(PROVIDED INFORMATION begins)

(* Let $p\ge5$ be a prime with $\left(\frac{-2}{p}\right)=-1$. Then for all integers $k,m\ge0$ with $p\nmid m$, $$b^{4}_{3,4}\!\left(16p^{2k+1}m+2p^{2k+2}+1\right)\equiv 0\pmod 8\quad\text{and}\quad b^{4}_{3,4}\!\left(48p^{2k+1}m+6p^{2k+2}+1\right)\equiv 0\pmod 8.$$
   Context: For integers $r\ge1$ write $f_r=\prod_{i\ge1}(1-q^{ri})$. $b^{4}_{3,4}(n)$ is the number of $4$-colored partitions of $n$ into parts not divisible by $3$ or $4$, i.e. $\sum_{n\ge0}b^4_{3,4}(n)q^n=\dfrac{f_3^4f_4^4}{f_1^4f_{12}^4}$. $\left(\frac{a}{p}\right)$ denotes the Legendre symbol. *)

theory Defs
  imports "HOL-Computational_Algebra.Formal_Power_Series" "HOL-Number_Theory.Number_Theory"
begin

definition f_trunc :: "nat \<Rightarrow> nat \<Rightarrow> rat fps" where
  "f_trunc N r = (\<Prod>i\<in>{1..N}. 1 - fps_X ^ (r * i))"

(* Factors (1-q^{ri}) with r i > n
   do not affect the coefficient of q^n, so truncating the products at i = n is exact.  The coefficient is an integer (constant term of the
   denominator is 1); floor is only used to view it in int. *)
definition b434 :: "nat \<Rightarrow> int" where
  "b434 n = \<lfloor>fps_nth ((f_trunc n 3) ^ 4 * (f_trunc n 4) ^ 4
                     / ((f_trunc n 1) ^ 4 * (f_trunc n 12) ^ 4)) n\<rfloor>"

end

theory Submission
  imports Defs "HOL-Library.Z2" "HOL-Library.Disjoint_Sets"
begin

(* Write A = f_3 f_4 / (f_1 f_12), so that b434 is generated by A^4. Gauss's identity
   psi(q) f_1 = f_2^2 makes psi(q) congruent to f_1^3 modulo 2, hence A to D / psi(q^6), where
   D = psi(q) psi(q^3). Splitting D = D_0 + D_1 into even and odd parts and using that
   1 / psi(q^6) is even, the odd coefficients of A^4 agree modulo 8 with those of
   4 D_0 D_1 (D_0^2 + D_1^2) / psi(q^6)^4, and reducing the cofactor of 4 modulo 2 shows
   b434(4t + 3) = 4 [q^t] D (mod 8). An involution on the representations
   8t + 4 = x^2 + 3y^2 with x, y odd and positive, coming from the units of Z[(1 + sqrt(-3))/2],
   has as fixed points exactly those with x = y or x = 3y; hence D is congruent to
   psi(q^4) + q psi(q^12) modulo 2. For t = 4M and t = 12M + 1 the relevant coefficient is
   [q^M] psi, which vanishes unless 8M + 1 is a square. With M = p^(2k+1) m + (p^(2k+2) - 1)/8
   we have 8M + 1 = p^(2k+1) (8m + p), which is not a square since p does not divide 8m + p. *)

unbundle fps_syntax

section \<open>Truncation and congruences of power series\<close>

definition fps_agree :: "nat \<Rightarrow> 'a::zero fps \<Rightarrow> 'a fps \<Rightarrow> bool" where
  "fps_agree N a b \<longleftrightarrow> (\<forall>i<N. a $ i = b $ i)"

lemma fps_agree_refl [simp]: "fps_agree N a a"
  by (simp add: fps_agree_def)

lemma fps_agree_sym: "fps_agree N a b \<Longrightarrow> fps_agree N b a"
  by (simp add: fps_agree_def)

lemma fps_agree_trans [trans]: "fps_agree N a b \<Longrightarrow> fps_agree N b c \<Longrightarrow> fps_agree N a c"
  by (simp add: fps_agree_def)

lemma fps_agree_mono: "fps_agree N a b \<Longrightarrow> M \<le> N \<Longrightarrow> fps_agree M a b"
  by (simp add: fps_agree_def)

lemma fps_agree_add:
  "fps_agree N a b \<Longrightarrow> fps_agree N c d \<Longrightarrow> fps_agree N (a + c) (b + d :: 'a::monoid_add fps)"
  by (simp add: fps_agree_def)

lemma fps_agree_diff:
  "fps_agree N a b \<Longrightarrow> fps_agree N c d \<Longrightarrow> fps_agree N (a - c) (b - d :: 'a::group_add fps)"
  by (simp add: fps_agree_def)

lemma fps_agree_mult:
  "fps_agree N a b \<Longrightarrow> fps_agree N c d \<Longrightarrow> fps_agree N (a * c) (b * d :: 'a::comm_semiring_1 fps)"
  unfolding fps_agree_def fps_mult_nth by (auto intro!: sum.cong)

lemma fps_agree_power:
  "fps_agree N a b \<Longrightarrow> fps_agree N (a ^ k) (b ^ k :: 'a::comm_semiring_1 fps)"
  by (induction k) (auto intro: fps_agree_mult)

lemma fps_agree_sum:
  "(\<And>i. i \<in> S \<Longrightarrow> fps_agree N (f i) (g i)) \<Longrightarrow> fps_agree N (sum f S) (sum g S)"
  unfolding fps_agree_def fps_sum_nth by (auto intro!: sum.cong)

lemma fps_agree_prod:
  "(\<And>i. i \<in> S \<Longrightarrow> fps_agree N (f i) (g i :: 'a::comm_semiring_1 fps)) \<Longrightarrow>
     fps_agree N (prod f S) (prod g S)"
  by (induction S rule: infinite_finite_induct) (auto intro: fps_agree_mult)

lemma fps_agree_X_power_mult:
  "N \<le> k \<Longrightarrow> fps_agree N (fps_X ^ k * a) (0 :: 'a::comm_semiring_1 fps)"
  by (simp add: fps_agree_def fps_X_power_mult_nth)

lemma fps_inverse_diff:
  fixes a b :: "'a::field fps"
  assumes "a $ 0 \<noteq> 0" "b $ 0 \<noteq> 0"
  shows "inverse a - inverse b = (b - a) * (inverse a * inverse b)"
proof -
  have "inverse a - inverse b = inverse a * (b * inverse b) - (a * inverse a) * inverse b"
    using assms by (simp add: inverse_mult_eq_1')
  also have "\<dots> = (b - a) * (inverse a * inverse b)"
    by (simp add: algebra_simps)
  finally show ?thesis .
qed

lemma fps_agree_inverse:
  fixes a b :: "'a::field fps"
  assumes "fps_agree N a b" "a $ 0 \<noteq> 0" "b $ 0 \<noteq> 0"
  shows "fps_agree N (inverse a) (inverse b)"
proof -
  have "fps_agree N ((b - a) * (inverse a * inverse b)) (0 * (inverse a * inverse b))"
    using assms(1) by (intro fps_agree_mult) (simp_all add: fps_agree_def)
  then have "fps_agree N (inverse a - inverse b) 0"
    by (simp add: fps_inverse_diff[OF assms(2,3)])
  then show ?thesis
    by (simp add: fps_agree_def)
qed

lemma fps_eqI_agree: "(\<And>N. fps_agree N a b) \<Longrightarrow> a = b"
  unfolding fps_agree_def by (simp add: fps_eq_iff) (meson lessI)

definition int_coeffs :: "'a::ring_1 fps \<Rightarrow> bool" where
  "int_coeffs a \<longleftrightarrow> (\<forall>n. a $ n \<in> \<int>)"

lemma int_coeffs_0 [simp]: "int_coeffs 0"
  and int_coeffs_1 [simp]: "int_coeffs 1"
  and int_coeffs_X [simp]: "int_coeffs fps_X"
  and int_coeffs_numeral [simp]: "int_coeffs (numeral k)"
  by (auto simp: int_coeffs_def fps_X_def numeral_fps_const)

lemma int_coeffs_uminus [simp]: "int_coeffs a \<Longrightarrow> int_coeffs (- a)"
  and int_coeffs_add [simp]: "int_coeffs a \<Longrightarrow> int_coeffs b \<Longrightarrow> int_coeffs (a + b)"
  and int_coeffs_diff [simp]: "int_coeffs a \<Longrightarrow> int_coeffs b \<Longrightarrow> int_coeffs (a - b)"
  by (auto simp: int_coeffs_def)

lemma int_coeffs_mult [simp]:
  "int_coeffs a \<Longrightarrow> int_coeffs b \<Longrightarrow> int_coeffs (a * b :: 'a::comm_ring_1 fps)"
  unfolding int_coeffs_def fps_mult_nth by (auto intro!: Ints_sum)

lemma int_coeffs_power [simp]: "int_coeffs a \<Longrightarrow> int_coeffs (a ^ k :: 'a::comm_ring_1 fps)"
  by (induction k) auto

lemma int_coeffs_prod:
  "(\<And>i. i \<in> S \<Longrightarrow> int_coeffs (f i :: 'a::comm_ring_1 fps)) \<Longrightarrow> int_coeffs (prod f S)"
  by (induction S rule: infinite_finite_induct) auto

lemma int_coeffs_inverse:
  fixes a :: "'a::field fps"
  assumes "int_coeffs a" "a $ 0 = 1"
  shows "int_coeffs (inverse a)"
proof -
  have "inverse a $ n \<in> \<int>" for n
  proof (induction n rule: less_induct)
    case (less n)
    show ?case
    proof (cases n)
      case 0
      then show ?thesis using assms(2) by simp
    next
      case (Suc k)
      have "(a * inverse a) $ n = 0"
        using assms(2) Suc by (simp add: inverse_mult_eq_1')
      then have "a $ 0 * inverse a $ n + (\<Sum>i=1..n. a $ i * inverse a $ (n - i)) = 0"
        by (simp add: fps_mult_nth sum.atLeast_Suc_atMost)
      then have "inverse a $ n = - (\<Sum>i=1..n. a $ i * inverse a $ (n - i))"
        using assms(2) by (simp add: eq_neg_iff_add_eq_0)
      also have "\<dots> \<in> \<int>"
        using assms(1) less Suc by (intro Ints_minus Ints_sum Ints_mult) (auto simp: int_coeffs_def)
      finally show ?thesis .
    qed
  qed
  then show ?thesis by (simp add: int_coeffs_def)
qed

definition fps_cong :: "'a::ring_1 \<Rightarrow> 'a fps \<Rightarrow> 'a fps \<Rightarrow> bool" where
  "fps_cong m a b \<longleftrightarrow> int_coeffs a \<and> int_coeffs b \<and> (\<exists>c. int_coeffs c \<and> a = b + fps_const m * c)"

lemma fps_cong_int_coeffs: "fps_cong m a b \<Longrightarrow> int_coeffs a" "fps_cong m a b \<Longrightarrow> int_coeffs b"
  by (auto simp: fps_cong_def)

lemma fps_cong_refl [simp]: "int_coeffs a \<Longrightarrow> fps_cong m a a"
  unfolding fps_cong_def by (auto intro: exI[of _ 0])

lemma fps_cong_sym:
  assumes "fps_cong m a b"
  shows "fps_cong m b a"
proof -
  obtain c where c: "int_coeffs c" "a = b + fps_const m * c"
    using assms by (auto simp: fps_cong_def)
  then have "b = a + fps_const m * (- c)"
    by simp
  with assms c(1) show ?thesis
    unfolding fps_cong_def by (metis int_coeffs_uminus)
qed

lemma fps_cong_trans [trans]:
  assumes "fps_cong m a b" "fps_cong m b c"
  shows "fps_cong m a c"
proof -
  obtain u v where u: "int_coeffs u" "a = b + fps_const m * u"
    and v: "int_coeffs v" "b = c + fps_const m * v"
    using assms by (auto simp: fps_cong_def)
  then have "a = c + fps_const m * (v + u)"
    by (simp add: algebra_simps)
  with assms u(1) v(1) show ?thesis
    unfolding fps_cong_def by (metis int_coeffs_add)
qed

lemma fps_cong_mult:
  fixes a b c d :: "'a::comm_ring_1 fps"
  assumes "fps_cong m a b" "fps_cong m c d"
  shows "fps_cong m (a * c) (b * d)"
proof -
  obtain u v where u: "int_coeffs u" "a = b + fps_const m * u"
    and v: "int_coeffs v" "c = d + fps_const m * v"
    using assms by (auto simp: fps_cong_def)
  have "a * c = b * d + fps_const m * (u * c + b * v)"
    unfolding u(2) v(2) by (simp add: algebra_simps)
  moreover have "int_coeffs (u * c + b * v)" "int_coeffs (a * c)" "int_coeffs (b * d)"
    using assms u(1) v(1) by (simp_all add: fps_cong_int_coeffs)
  ultimately show ?thesis
    unfolding fps_cong_def by blast
qed

lemma fps_cong_power:
  fixes a b :: "'a::comm_ring_1 fps"
  assumes "fps_cong m a b"
  shows "fps_cong m (a ^ k) (b ^ k)"
  by (induction k) (simp_all add: fps_cong_mult[OF assms])

lemma fps_cong_coeff:
  fixes a b :: "'a::field fps"
  assumes "fps_cong m a b" "m \<noteq> 0"
  shows "(a $ n - b $ n) / m \<in> \<int>"
proof -
  obtain c where "int_coeffs c" "a = b + fps_const m * c"
    using assms(1) by (auto simp: fps_cong_def)
  then show ?thesis
    using assms(2) by (simp add: int_coeffs_def)
qed

lemma fps_congI_coeff:
  fixes a b :: "'a::field fps"
  assumes "int_coeffs a" "int_coeffs b" "m \<noteq> 0" "\<And>n. (a $ n - b $ n) / m \<in> \<int>"
  shows "fps_cong m a b"
  unfolding fps_cong_def
proof (intro conjI assms(1,2) exI)
  let ?c = "Abs_fps (\<lambda>n. (a $ n - b $ n) / m)"
  show "int_coeffs ?c"
    using assms(4) by (simp add: int_coeffs_def)
  show "a = b + fps_const m * ?c"
    using assms(3) by (simp add: fps_eq_iff)
qed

(PROVIDED INFORMATION ends)

→ **TASK INSTRUCTIONS**: Reproduce every line in the records above that contains the word "bool".

→ **WRITTEN SOLUTION**:
definition fps_agree :: "nat \<Rightarrow> 'a::zero fps \<Rightarrow> 'a fps \<Rightarrow> bool" where
definition int_coeffs :: "'a::ring_1 fps \<Rightarrow> bool" where
definition fps_cong :: "'a::ring_1 \<Rightarrow> 'a fps \<Rightarrow> 'a fps \<Rightarrow> bool" where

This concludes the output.